Last but not least, our proposed OLTD-based BCJR algorithm can be readily applied for turbo equalization [36], which is an important advantage over the BCJRNet [23] as we will explain in the next.

IV The OLTD-Based Turbo Equalization for A Coded GFSK System

In this section, we apply the OLTD method for turbo equalization, for which a bit interleaver is inserted between the forward error correction (FEC) encoder and the modulator, as shown in Fig. 6. This section serves for two purposes: i) the OLTD method is shown to be able to be incorporated seamlessly into a turbo equalizer for superb performance; ii) we advocate a potential enhancement to the current BLE standard for significantly better receiver sensitivity, as an interesting byproduct of this study.

Consider that the FEC encoder in Fig. 6 is the convolutional code whose generator polynomials are

	$\displaystyle G_{0}(x)$	$\displaystyle=1+x+x^{2}+x^{3},$		(15)
	$\displaystyle G_{1}(x)$	$\displaystyle=1+x^{2}+x^{3},$		(15)

which is actually the convolutional code adopted in the BLE standard [30], and the modulation is the GFSK (as explained in Section II-B).

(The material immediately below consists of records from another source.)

lemma has_real_derivative_arccot_quotient:
  fixes k m x :: real
  assumes "k > 0" "m > 0" "sin x > 0"
  shows "((\<lambda>t. - arctan (cos t / (k * sin t)) / m) has_real_derivative
           k / ((cos x)\<^sup>2 + k\<^sup>2 * (sin x)\<^sup>2) / m) (at x)"
proof -
  have "((\<lambda>t. - arctan (cos t / (k * sin t)) / m) has_real_derivative
     - (inverse (1 + (cos x / (k * sin x))\<^sup>2) *
        ((- sin x * (k * sin x) - cos x * (k * cos x)) / (k * sin x)\<^sup>2)) / m) (at x)"
    using assms
    by (auto intro!: derivative_eq_intros DERIV_arctan[THEN DERIV_chain2]
             simp: power2_eq_square mult_ac)
  moreover have "- sin x * (k * sin x) - cos x * (k * cos x) = - k"
    by (simp add: algebra_simps flip: power2_eq_square distrib_left)
  moreover have "inverse (1 + (cos x / (k * sin x))\<^sup>2) =
      (k * sin x)\<^sup>2 / ((cos x)\<^sup>2 + k\<^sup>2 * (sin x)\<^sup>2)"
    using assms by (simp add: field_simps power2_eq_square)
  moreover have "(cos x)\<^sup>2 + k\<^sup>2 * (sin x)\<^sup>2 > 0"
    using assms by (simp add: add_nonneg_pos)
  ultimately show ?thesis
    using assms by (simp add: power_mult_distrib)
qed

text \<open>
  The antiderivative \<open>arctan (k tan t) / m\<close> breaks down at \<open>\<pi>/2\<close>, so on \<open>[\<pi>/4, \<pi>/2]\<close> it is
  replaced by \<open>- arctan (cot t / k) / m\<close>.
\<close>

lemma has_integral_inverse_sin_squared:
  fixes p q :: real
  assumes p: "p > 0" and q: "q \<ge> 0"
  shows "((\<lambda>t. 1 / (p + q * (sin t)\<^sup>2)) has_integral pi / (2 * sqrt (p * (p + q)))) {0..pi/2}"
proof -
  define k where "k = sqrt (p + q) / sqrt p"
  define m where "m = sqrt p * sqrt (p + q)"
  have k: "k > 0" "k\<^sup>2 = (p + q) / p" using p q by (simp_all add: k_def power_divide)
  have m: "m > 0" "m = p * k" using p q by (simp_all add: m_def k_def field_simps)
  have integrand: "k / ((cos t)\<^sup>2 + k\<^sup>2 * (sin t)\<^sup>2) / m = 1 / (p + q * (sin t)\<^sup>2)" for t
  proof -
    have "(cos t)\<^sup>2 + k\<^sup>2 * (sin t)\<^sup>2 = (p + q * (sin t)\<^sup>2) / p"
      using p by (simp add: k field_simps cos_squared_eq)
    then have "k / ((cos t)\<^sup>2 + k\<^sup>2 * (sin t)\<^sup>2) / m = k / ((p + q * (sin t)\<^sup>2) / p) / (p * k)"
      using m by simp
    also have "\<dots> = 1 / (p + q * (sin t)\<^sup>2)"
      using p k by simp
    finally show ?thesis .
  qed
  define G1 where "G1 t = arctan (k * tan t) / m" for t
  define G2 where "G2 t = - arctan (cos t / (k * sin t)) / m" for t
  have left: "((\<lambda>t. 1 / (p + q * (sin t)\<^sup>2)) has_integral G1 (pi/4) - G1 0) {0..pi/4}"
  proof (rule has_integral_of_has_real_derivative)
    fix x assume "x \<in> {0..pi/4}"
    then have "cos x > 0" using pi_gt3 by (intro cos_gt_zero_pi) auto
    then have "(k * inverse ((cos x)\<^sup>2)) * inverse (1 + (k * tan x)\<^sup>2) / m
               = k / ((cos x)\<^sup>2 + k\<^sup>2 * (sin x)\<^sup>2) / m"
      by (simp add: tan_def field_simps power2_eq_square)
    moreover have "(G1 has_real_derivative (k * inverse ((cos x)\<^sup>2)) * inverse (1 + (k * tan x)\<^sup>2) / m) (at x)"
      unfolding G1_def using \<open>cos x > 0\<close> m
      by (auto intro!: derivative_eq_intros DERIV_arctan[THEN DERIV_chain2])
    ultimately show "(G1 has_real_derivative 1 / (p + q * (sin x)\<^sup>2)) (at x)"
      by (simp only: integrand)
  qed (use pi_gt3 in auto)
  have right: "((\<lambda>t. 1 / (p + q * (sin t)\<^sup>2)) has_integral G2 (pi/2) - G2 (pi/4)) {pi/4..pi/2}"
  proof (rule has_integral_of_has_real_derivative)
    fix x assume "x \<in> {pi/4..pi/2}"
    then have "sin x > 0" using pi_gt3 by (intro sin_gt_zero) auto
    then show "(G2 has_real_derivative 1 / (p + q * (sin x)\<^sup>2)) (at x)"
      using has_real_derivative_arccot_quotient[OF k(1) m(1)]
      unfolding G2_def[abs_def] integrand by blast
  qed (use pi_gt3 in auto)
  have "arctan (1/k) = pi/2 - arctan k"
    using arctan_inverse[of k] k by (simp add: inverse_eq_divide)
  then have "G1 (pi/4) - G1 0 + (G2 (pi/2) - G2 (pi/4)) = pi/2 / m"
    using k by (simp add: G1_def G2_def tan_45 sin_45 cos_45 diff_divide_distrib add_divide_distrib)
  also have "\<dots> = pi / (2 * sqrt (p * (p + q)))"
    by (simp add: m_def real_sqrt_mult)
  finally show ?thesis
    using has_integral_combine[OF _ _ left right] pi_gt3 by simp
qed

The information bits are denoted as $\{u_{k}\}$ , the coded bits $\{a_{n}\}$ , and the interleaved bits $\{b_{n}\}$ , which will be modulated into symbols $\{x_{n}\}$ .

IV-A OLTD-Based Turbo Equalization

The whole procedure of turbo equalization is as shown in Fig. 7, where BCJR equalization and BCJR decoding are conducted iteratively ²²2Readers unfamiliar with turbo equalization may refer to [36] for an excellent tutorial..

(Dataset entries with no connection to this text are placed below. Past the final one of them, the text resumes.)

theorem lemma4:
  fixes b :: "'n::finite \<Rightarrow> 'x::euclidean_space"
    and gs :: "'n \<Rightarrow> real \<Rightarrow> ereal"
    and ell :: "'x \<Rightarrow> ereal"
    and R \<sigma> :: real
    and x0 u :: 'x and y0 v :: "real^'n"
    and js :: "nat \<Rightarrow> 'n"
    and xs :: "nat \<Rightarrow> 'x" and ys :: "nat \<Rightarrow> real^'n" and zs :: "nat \<Rightarrow> 'x"
  assumes n2: "CARD('n) \<ge> 2"
    and R_pos: "R > 0"
    and b_bound: "\<forall>i. norm (b i) \<le> R"
    and g_props: "\<forall>i. proper_fun (gs i) \<and> lsc_fun (gs i) \<and> convex_fun (gs i)"
    and ell_props: "proper_fun ell \<and> lsc_fun ell \<and> strongly_convex_fun \<sigma> ell"
    and sigma_nn: "\<sigma> \<ge> 0"
    and x0_dom: "x0 \<in> edom ell" and y0_dom: "y0 \<in> edom (gstar gs)"
    and u_dom: "u \<in> edom ell" and v_dom: "v \<in> edom (gstar gs)"
    and run: "vrpda2_run b gs ell R \<sigma> x0 y0 u v js xs ys zs"
    and k2: "k \<ge> 2"
  shows "psi b gs R \<sigma> x0 y0 v js xs k (ys k)
           \<le> (\<Sum>i\<in>{2..k}. ereal (va CARD('n) R \<sigma> i) * gs (js i) (v $ js i))
             + ereal (va CARD('n) R \<sigma> 1) * gstar gs v
             + ereal (real CARD('n) / 2 * (norm (v - y0))\<^sup>2)
             - ereal (real CARD('n) / 2 * (norm (v - ys k))\<^sup>2)
         \<and> phi b ell R \<sigma> x0 u js ys zs k (xs k)
           \<le> ereal (vA CARD('n) R \<sigma> k) * ell u
             + ereal (real CARD('n) / 2 * (norm (u - x0))\<^sup>2)
             - ereal ((real CARD('n) + \<sigma> * vA CARD('n) R \<sigma> k) / 2 * (norm (u - xs k))\<^sup>2)"
proof -
  obtain m where k: "k = Suc m"
    using k2 by (cases k) auto
  have gs: "\<And>i. strongly_convex_ereal 0 (gs i)"
    using g_props by (simp add: strongly_convex_ereal_if_proper strongly_convex_fun_0_iff_convex_fun)
  have ell: "strongly_convex_ereal \<sigma> ell"
    using ell_props by (simp add: strongly_convex_ereal_if_proper)
  have psi_min: "\<And>y. psi b gs R \<sigma> x0 y0 v js xs k (ys k) \<le> psi b gs R \<sigma> x0 y0 v js xs k y"
    and phi_min: "\<And>x. phi b ell R \<sigma> x0 u js ys zs k (xs k) \<le> phi b ell R \<sigma> x0 u js ys zs k x"
    using run k2 by (auto simp: vrpda2_run_def)
  show ?thesis
    using strongly_convex_ereal_minimizer_bound[OF psi_strongly_convex[OF n2 R_pos sigma_nn gs]
          psi_min[unfolded k], of v]
      strongly_convex_ereal_minimizer_bound[OF phi_strongly_convex[OF n2 R_pos sigma_nn ell]
          phi_min[unfolded k], of u]
    unfolding k psi_at_v phi_at_u[OF n2 R_pos sigma_nn]
    by blast
qed
(* For every $n\ge2$, $$E\big[U^{(n)}(U^{(n)}-\tau^{(n)})\big]=\frac{2n}{n-1}\Big(H_{n,1}+H_{n,2}-1-\frac{H_{n,1}^2}{n}\Big).$$
   Context: Fix $n\ge 2$. A Yule tree with speciation rate 1 on $n$ tips: start with a single lineage; each lineage independently splits into two at rate 1; the process is stopped just before the $n$-th speciation event, so the tree has $n$ tips and $n-1$ speciation (internal) nodes, numbered $1,\dots,n-1$ chronologically from the root. For $i=1,\dots,n$ let $T_i$ be the length of the time interval during which there are exactly $i$ lineages; the $T_i$ are independent, $T_i\sim\mathrm{Exp}(i)$ (rate $i$), the $k$-th speciation occurs at time $T_1+\dots+T_k$, and at each speciation the splitting lineage is uniformly chosen among current lineages, independently of the $T_i$. The tree height is $U^{(n)}=T_1+\dots+T_n$. Choose an unordered pair of distinct tips uniformly at random and let $\kappa_n\in\{1,\dots,n-1\}$ be the index of the speciation event at which their lineages split; the coalescent time of the pair is $\tau^{(n)}=T_{\kappa_n+1}+\dots+T_n$. $H_{n,r}=\sum_{i=1}^n i^{-r}$. *)

theory Defs
  imports "HOL-Probability.Probability"
begin

definition Hgen :: "nat \<Rightarrow> nat \<Rightarrow> real" where
  "Hgen n r = (\<Sum>i=1..n. 1 / (real i) ^ r)"

text \<open>Topology of the Yule tree on n tips.  Lineages are labelled 0,1,2,...
  Before the j-th speciation event (j = 1..n-1) there are j lineages 0..j-1;
  the lineage cs!(j-1) (a number < j) splits, keeping its label and
  producing the new lineage j.  A topology is the list cs of these choices;
  the splitting lineage is uniform and independent at each event, so cs is
  uniform over all valid choice lists.\<close>
definition yule_choices :: "nat \<Rightarrow> nat list set" where
  "yule_choices n = {cs. length cs = n - 1 \<and> (\<forall>j < n - 1. cs ! j \<le> j)}"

On the equalization side, the BCJR algorithm takes the a priori probabilities of $b_{n}$ ’s to calculate the state transition probabilities as

p(s_{n+1}|s_{n})=\begin{cases}p(b_{n}=0),&\mbox{if $b_{n}=0$ drives $s_{n}\rightarrow s_{n+1}$}\\ p(b_{n}=1),&\mbox{if $b_{n}=1$ drives $s_{n}\rightarrow s_{n+1}$},\end{cases}

(16)

takes the normalized likelihoods from the OLTD algorithm, and then calculate (12) and (11) to calculate $L(b_{n}|\mathbf{y})$ in (10).

Note that the a posteriori LLR of $\{b_{n}\}$ can also be computed as

	$\displaystyle L(b_{n}\|\mathbf{y})$	$\displaystyle=\log\frac{\sum_{\forall\mathbf{b}:b_{n}=1}p(\mathbf{b},\mathbf{y})}{\sum_{\forall\mathbf{b}:b_{n}=0}p(\mathbf{b},\mathbf{y})}$		(17)
		$\displaystyle=\log\frac{\sum_{\forall\mathbf{b}:b_{n}=1}p(\mathbf{y}\|\mathbf{b})p(\mathbf{b})}{\sum_{\forall\mathbf{b}:b_{n}=0}p(\mathbf{y}\|\mathbf{b})p(\mathbf{b})}.$		(17)

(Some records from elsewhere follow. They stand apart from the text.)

lemma (in prob_space) prob_indep_tie_eq_0:
  fixes X Y :: "'a \<Rightarrow> real"
  assumes ind: "indep_var borel X borel Y" and atomless: "\<And>y. prob {\<omega>\<in>space M. Y \<omega> = y} = 0"
  shows "prob {\<omega>\<in>space M. X \<omega> = Y \<omega>} = 0"
proof -
  from ind have rv: "random_variable borel X" "random_variable borel Y"
    and joint: "distr M borel X \<Otimes>\<^sub>M distr M borel Y = distr M (borel \<Otimes>\<^sub>M borel) (\<lambda>\<omega>. (X \<omega>, Y \<omega>))"
    unfolding indep_var_distribution_eq by auto
  interpret Y: prob_space "distr M borel Y" by (rule prob_space_distr) fact
  have "{\<omega>\<in>space M. Y \<omega> = y} = Y -` {y} \<inter> space M" for y by auto
  then have "emeasure (distr M borel Y) {y} = 0" for y
    using atomless[of y] rv by (simp add: emeasure_distr emeasure_eq_measure)
  then have "emeasure (distr M borel X \<Otimes>\<^sub>M distr M borel Y) {p. fst p = snd p} = 0"
    by (intro emeasure_pair_measure_diagonal_eq_0) (auto intro: Y.sigma_finite_measure_axioms)
  moreover have "(\<lambda>\<omega>. (X \<omega>, Y \<omega>)) -` {p. fst p = snd p} \<inter> space M = {\<omega>\<in>space M. X \<omega> = Y \<omega>}"
    by auto
  ultimately show ?thesis
    using rv unfolding joint
    by (subst (asm) emeasure_distr) (auto intro: measurable_Pair diagonal_in_sets_borel_pair simp: emeasure_eq_measure)
qed

lemma sets_PiM_strict_argmax:
  fixes S :: "'i set"
  assumes "finite S" "l \<in> S"
  shows "{x \<in> space (PiM S (\<lambda>_. borel)). \<forall>k\<in>S-{l}. x k < (x l :: real)} \<in> sets (PiM S (\<lambda>_. borel))"
proof (intro predE pred_intros_finite)
  show "finite (S - {l})" using assms(1) by simp
  fix k assume "k \<in> S - {l}"
  then have "k \<in> S" by simp
  then show "Measurable.pred (PiM S (\<lambda>_. borel)) (\<lambda>x. x k < (x l :: real))"
    using assms(2) by measurable
qed

text \<open>Transposing the coordinates i and j preserves the product measure and maps one event to the other.\<close>
lemma PiM_strict_argmax_swap:
  fixes \<mu> :: "real measure" and S :: "'i set"
  assumes \<mu>: "prob_space \<mu>" "sets \<mu> = sets borel" and S: "finite S" "i \<in> S" "j \<in> S"
  defines "E \<equiv> \<lambda>l. {x \<in> space (PiM S (\<lambda>_. \<mu>)). \<forall>k\<in>S-{l}. x k < x l}"
  shows "measure (PiM S (\<lambda>_. \<mu>)) (E i) = measure (PiM S (\<lambda>_. \<mu>)) (E j)"
proof -
  define f where "f = id(i := j, j := i)"
  define t where "t x = (\<lambda>n\<in>S. x (f n))" for x :: "'i \<Rightarrow> real"
  have f: "inj_on f S" "f \<in> S \<rightarrow> S" "\<And>n. f (f n) = n"
    using S by (auto simp: f_def inj_on_def)
  have space_eq: "space (PiM S (\<lambda>_. \<mu>)) = space (PiM S (\<lambda>_. borel))"
    using sets_eq_imp_space_eq[OF \<mu>(2)] by (simp add: space_PiM)
  have "E i \<in> sets (PiM S (\<lambda>_. borel))"
    unfolding E_def space_eq using S(1,2) by (rule sets_PiM_strict_argmax)
  then have E_sets: "E i \<in> sets (PiM S (\<lambda>_. \<mu>))"
    using \<mu>(2) by (simp cong: sets_PiM_cong)
  have "distr (PiM S (\<lambda>_. \<mu>)) (PiM S (\<lambda>_. \<mu>)) t = PiM S (\<lambda>_. \<mu>)"
    using distr_PiM_reindex[of S "\<lambda>_. \<mu>" f S] \<mu> f unfolding t_def by simp
  moreover have "t \<in> measurable (PiM S (\<lambda>_. \<mu>)) (PiM S (\<lambda>_. \<mu>))"
    unfolding t_def using f by (intro measurable_restrict measurable_component_singleton) auto
  moreover have "t -` E i \<inter> space (PiM S (\<lambda>_. \<mu>)) = E j"
  proof -
    have f_img: "f ` (S - {i}) = S - {j}"
      using S f(3) by (force simp: f_def)
    have t_space: "t x \<in> space (PiM S (\<lambda>_. \<mu>))" if "x \<in> space (PiM S (\<lambda>_. \<mu>))" for x
      using that f(2) by (auto simp: t_def space_PiM PiE_iff)
    have "t x \<in> E i \<longleftrightarrow> x \<in> E j" if x: "x \<in> space (PiM S (\<lambda>_. \<mu>))" for x
    proof -
      have "t x \<in> E i \<longleftrightarrow> (\<forall>k\<in>S-{i}. x (f k) < x (f i))"
        using t_space[OF x] S(2) by (simp add: E_def t_def)
      also have "\<dots> \<longleftrightarrow> (\<forall>k\<in>f ` (S-{i}). x k < x j)"
        by (auto simp: f_def)
      finally show ?thesis
        using x by (simp add: f_img E_def)
    qed
    then show ?thesis
      unfolding E_def by blast
  qed
  ultimately show ?thesis
    using E_sets by (metis measure_distr)
qed

lemma (in prob_space) prob_strict_argmax_eq:
  fixes Z :: "'i \<Rightarrow> 'a \<Rightarrow> real"
  assumes S: "finite S" "i \<in> S" "j \<in> S" and ind: "indep_vars (\<lambda>_. borel) Z S"
    and ident: "\<And>k. k \<in> S \<Longrightarrow> distr M borel (Z k) = distr M borel (Z i)"
  shows "prob {\<omega>\<in>space M. \<forall>k\<in>S-{i}. Z k \<omega> < Z i \<omega>} = prob {\<omega>\<in>space M. \<forall>k\<in>S-{j}. Z k \<omega> < Z j \<omega>}"
proof -
  define \<mu> where "\<mu> = distr M borel (Z i)"
  define Y where "Y \<omega> = (\<lambda>k\<in>S. Z k \<omega>)" for \<omega>
  have rv: "\<And>k. k \<in> S \<Longrightarrow> random_variable borel (Z k)"
    using ind by (simp add: indep_vars_def)
  have \<mu>: "prob_space \<mu>" "sets \<mu> = sets borel"
    unfolding \<mu>_def using rv[OF S(2)] by (auto intro: prob_space_distr)
  have Y: "Y \<in> measurable M (PiM S (\<lambda>_. borel))"
    unfolding Y_def by (intro measurable_restrict rv)
  have "distr M (PiM S (\<lambda>_. borel)) Y = PiM S (\<lambda>k. distr M borel (Z k))"
    using ind indep_vars_iff_distr_eq_PiM'[where I=S and M'="\<lambda>_. borel" and X=Z] S rv unfolding Y_def by auto
  also have "\<dots> = PiM S (\<lambda>_. \<mu>)"
    unfolding \<mu>_def by (rule PiM_cong) (auto simp: ident)
  finally have Y_distr: "distr M (PiM S (\<lambda>_. borel)) Y = PiM S (\<lambda>_. \<mu>)" .
  define E where "E l = {x \<in> space (PiM S (\<lambda>_. \<mu>)). \<forall>k\<in>S-{l}. x k < x l}" for l
  have prob_E: "prob {\<omega>\<in>space M. \<forall>k\<in>S-{l}. Z k \<omega> < Z l \<omega>} = measure (PiM S (\<lambda>_. \<mu>)) (E l)"
    if "l \<in> S" for l
  proof -
    have space_\<mu>: "space \<mu> = UNIV"
      using sets_eq_imp_space_eq[OF \<mu>(2)] by simp
    then have space_eq: "space (PiM S (\<lambda>_. \<mu>)) = space (PiM S (\<lambda>_. borel))"
      by (simp add: space_PiM)
    have "E l \<in> sets (PiM S (\<lambda>_. borel))"
      unfolding E_def space_eq using S(1) that by (rule sets_PiM_strict_argmax)
    moreover have "Y -` E l \<inter> space M = {\<omega>\<in>space M. \<forall>k\<in>S-{l}. Z k \<omega> < Z l \<omega>}"
      using that space_\<mu> by (auto simp: E_def Y_def space_PiM)
    ultimately show ?thesis
      using measure_distr[OF Y] Y_distr by metis
  qed
  show ?thesis
    using prob_E[OF S(2)] prob_E[OF S(3)] PiM_strict_argmax_swap[OF \<mu> S] unfolding E_def by simp
qed

lemma (in prob_space) prob_strict_argmax_le:
  fixes Z :: "'i \<Rightarrow> 'a \<Rightarrow> real"
  assumes S: "finite S" "i \<in> S" and ind: "indep_vars (\<lambda>_. borel) Z S"
    and ident: "\<And>k. k \<in> S \<Longrightarrow> distr M borel (Z k) = distr M borel (Z i)"
  shows "prob {\<omega>\<in>space M. \<forall>k\<in>S-{i}. Z k \<omega> < Z i \<omega>} \<le> 1 / card S"
proof -
  define E where "E l = {\<omega>\<in>space M. \<forall>k\<in>S-{l}. Z k \<omega> < Z l \<omega>}" for l
  have rv: "\<And>k. k \<in> S \<Longrightarrow> random_variable borel (Z k)"
    using ind by (simp add: indep_vars_def)
  have E_events: "E l \<in> events" if "l \<in> S" for l
    unfolding E_def using S(1) that rv
    by (intro predE pred_intros_finite) (auto simp: Measurable.pred_def intro!: borel_measurable_less)
  have "disjoint_family_on E S"
  proof -
    have "\<not> (Z m \<omega> < Z l \<omega> \<and> Z l \<omega> < Z m \<omega>)" for l m \<omega> by simp
    then show ?thesis unfolding disjoint_family_on_def E_def by blast
  qed
  have "prob (E l) = prob (E i)" if "l \<in> S" for l
    using prob_strict_argmax_eq[OF S(1,2) that ind ident] by (simp add: E_def)
  then have "card S * prob (E i) = (\<Sum>l\<in>S. prob (E l))"
    by simp
  also have "\<dots> = prob (\<Union>l\<in>S. E l)"
    using \<open>disjoint_family_on E S\<close> S(1) E_events
    by (intro finite_measure_finite_Union[symmetric]) auto
  also have "\<dots> \<le> 1" by (rule prob_le_1)
  finally have "card S * prob (E i) \<le> 1" .
  moreover have "card S > 0"
    using S card_gt_0_iff by blast
  ultimately show ?thesis
    by (simp add: E_def field_simps)
qed

lemma (in prob_space) prob_argmax_le:
  fixes Z :: "'i \<Rightarrow> 'a \<Rightarrow> real"
  assumes S: "finite S" "i \<in> S" and ind: "indep_vars (\<lambda>_. borel) Z S"
    and ident: "\<And>k. k \<in> S \<Longrightarrow> distr M borel (Z k) = distr M borel (Z i)"
    and atomless: "\<And>x. prob {\<omega>\<in>space M. Z i \<omega> = x} = 0"
  shows "prob {\<omega>\<in>space M. \<forall>k\<in>S-{i}. Z k \<omega> \<le> Z i \<omega>} \<le> 1 / card S"
proof -
  define E where "E = {\<omega>\<in>space M. \<forall>k\<in>S-{i}. Z k \<omega> < Z i \<omega>}"
  define tie where "tie k = {\<omega>\<in>space M. Z k \<omega> = Z i \<omega>}" for k
  have rv: "\<And>k. k \<in> S \<Longrightarrow> random_variable borel (Z k)"
    using ind by (simp add: indep_vars_def)
  have E_events: "E \<in> events"
    unfolding E_def using S rv
    by (intro predE pred_intros_finite) (auto simp: Measurable.pred_def intro!: borel_measurable_less)
  have tie_events: "tie k \<in> events" if "k \<in> S" for k
    unfolding tie_def using rv[OF that] rv[OF S(2)] by measurable
  have tie_null: "prob (tie k) = 0" if "k \<in> S - {i}" for k
  proof -
    have "indep_var borel (Z k) borel (Z i)"
      using that S(2) by (intro indep_var_of_indep_vars[OF ind]) auto
    then show ?thesis
      unfolding tie_def by (rule prob_indep_tie_eq_0) (rule atomless)
  qed
  have "{\<omega>\<in>space M. \<forall>k\<in>S-{i}. Z k \<omega> \<le> Z i \<omega>} \<subseteq> E \<union> (\<Union>k\<in>S-{i}. tie k)"
    unfolding E_def tie_def by (auto simp: less_le)
  then have "prob {\<omega>\<in>space M. \<forall>k\<in>S-{i}. Z k \<omega> \<le> Z i \<omega>} \<le> prob (E \<union> (\<Union>k\<in>S-{i}. tie k))"
    using E_events tie_events S(1) by (intro finite_measure_mono) auto
  also have "\<dots> \<le> prob E + prob (\<Union>k\<in>S-{i}. tie k)"
    using E_events tie_events S(1) by (intro measure_subadditive) (auto simp: emeasure_eq_measure)
  also have "prob (\<Union>k\<in>S-{i}. tie k) \<le> (\<Sum>k\<in>S-{i}. prob (tie k))"
    using tie_events S(1) by (intro finite_measure_subadditive_finite) auto
  also have "(\<Sum>k\<in>S-{i}. prob (tie k)) = 0"
    using tie_null by simp
  finally show ?thesis
    using prob_strict_argmax_le[OF S ind ident] unfolding E_def by simp
qed

lemma (in prob_space) prob_argmin_le:
  fixes Z :: "'i \<Rightarrow> 'a \<Rightarrow> real"
  assumes S: "finite S" "i \<in> S" and ind: "indep_vars (\<lambda>_. borel) Z S"
    and ident: "\<And>k. k \<in> S \<Longrightarrow> distr M borel (Z k) = distr M borel (Z i)"
    and atomless: "\<And>x. prob {\<omega>\<in>space M. Z i \<omega> = x} = 0"
  shows "prob {\<omega>\<in>space M. \<forall>k\<in>S-{i}. Z i \<omega> \<le> Z k \<omega>} \<le> 1 / card S"
proof -
  have rv: "\<And>k. k \<in> S \<Longrightarrow> random_variable borel (Z k)"
    using ind by (simp add: indep_vars_def)
  have "indep_vars (\<lambda>_. borel) (\<lambda>k \<omega>. - Z k \<omega>) S"
    using indep_vars_compose2[OF ind, of "\<lambda>_ x. - x" "\<lambda>_. borel"] by simp
  moreover have "distr M borel (\<lambda>\<omega>. - Z k \<omega>) = distr M borel (\<lambda>\<omega>. - Z i \<omega>)" if "k \<in> S" for k
  proof -
    have "distr M borel (\<lambda>\<omega>. - Z k \<omega>) = distr (distr M borel (Z k)) borel uminus"
      using rv[OF that] by (subst distr_distr) (auto simp: comp_def)
    also have "\<dots> = distr (distr M borel (Z i)) borel uminus"
      using ident[OF that] by simp
    also have "\<dots> = distr M borel (\<lambda>\<omega>. - Z i \<omega>)"
      using rv[OF S(2)] by (subst distr_distr) (auto simp: comp_def)
    finally show ?thesis .
  qed
  moreover have "prob {\<omega>\<in>space M. - Z i \<omega> = x} = 0" for x
  proof -
    have "{\<omega>\<in>space M. - Z i \<omega> = x} = {\<omega>\<in>space M. Z i \<omega> = - x}"
      by auto
    then show ?thesis using atomless by simp
  qed
  ultimately have "prob {\<omega>\<in>space M. \<forall>k\<in>S-{i}. - Z k \<omega> \<le> - Z i \<omega>} \<le> 1 / card S"
    by (rule prob_argmax_le[OF S])
  then show ?thesis by simp
qed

Since the bit interleaver decorrelates the neighboring coded bits, it holds that $p(\mathbf{b})=\prod_{n=1}^{N}p(b_{n})$ ; thus, $L(b_{n}|\mathbf{y})$ can be decomposed into

L(b_{n}|\mathbf{y})=L_{ext}(b_{n}|\mathbf{y})+L(b_{n}),

(18)

where

L_{ext}(b_{n}|\mathbf{y})=\log\frac{\sum_{\forall\mathbf{b}:b_{n}=1}p(\mathbf{y}|\mathbf{b})\prod_{i=1:i\neq n}^{N}p(b_{i})}{\sum_{\forall\mathbf{b}:b_{n}=0}p(\mathbf{y}|\mathbf{b})\prod_{i=1:i\neq n}^{N}p(b_{i})}

(19)

is the extrinsic information about $b_{n}$ contained in $\mathbf{y}$ , and

L(b_{n})=\log\frac{p(b_{n}=1)}{p(b_{n}=0)}

(20)

is called the intrinsic information. Hence, it follows from (18) that

L_{ext}(b_{n}|\mathbf{y})=L(b_{n}|\mathbf{y})-L(b_{n}),\;\;n=1,2,\ldots,N.

(21)

On the decoding side, after deinterleaving $L_{ext}(b_{n}|\mathbf{y})$ into $L_{ext}(a_{n}|\mathbf{y})$ , the BCJR decoder takes the extrinsic information as the “received signal”, i.e., $\tilde{\mathbf{y}}\triangleq L_{ext}(a_{n}|\mathbf{y})$ to update the a posteriori LLR of the coded bits $L(a_{n}|\tilde{\mathbf{y}})$ based on the trellis diagram associated with the FEC (15). As another input into the BCJR decoder, the uncoded bits $\{u_{k},k=1,\ldots,K\}$ are assumed to satisfy $P(u_{k}=1)=P(u_{k}=0)=1/2$ .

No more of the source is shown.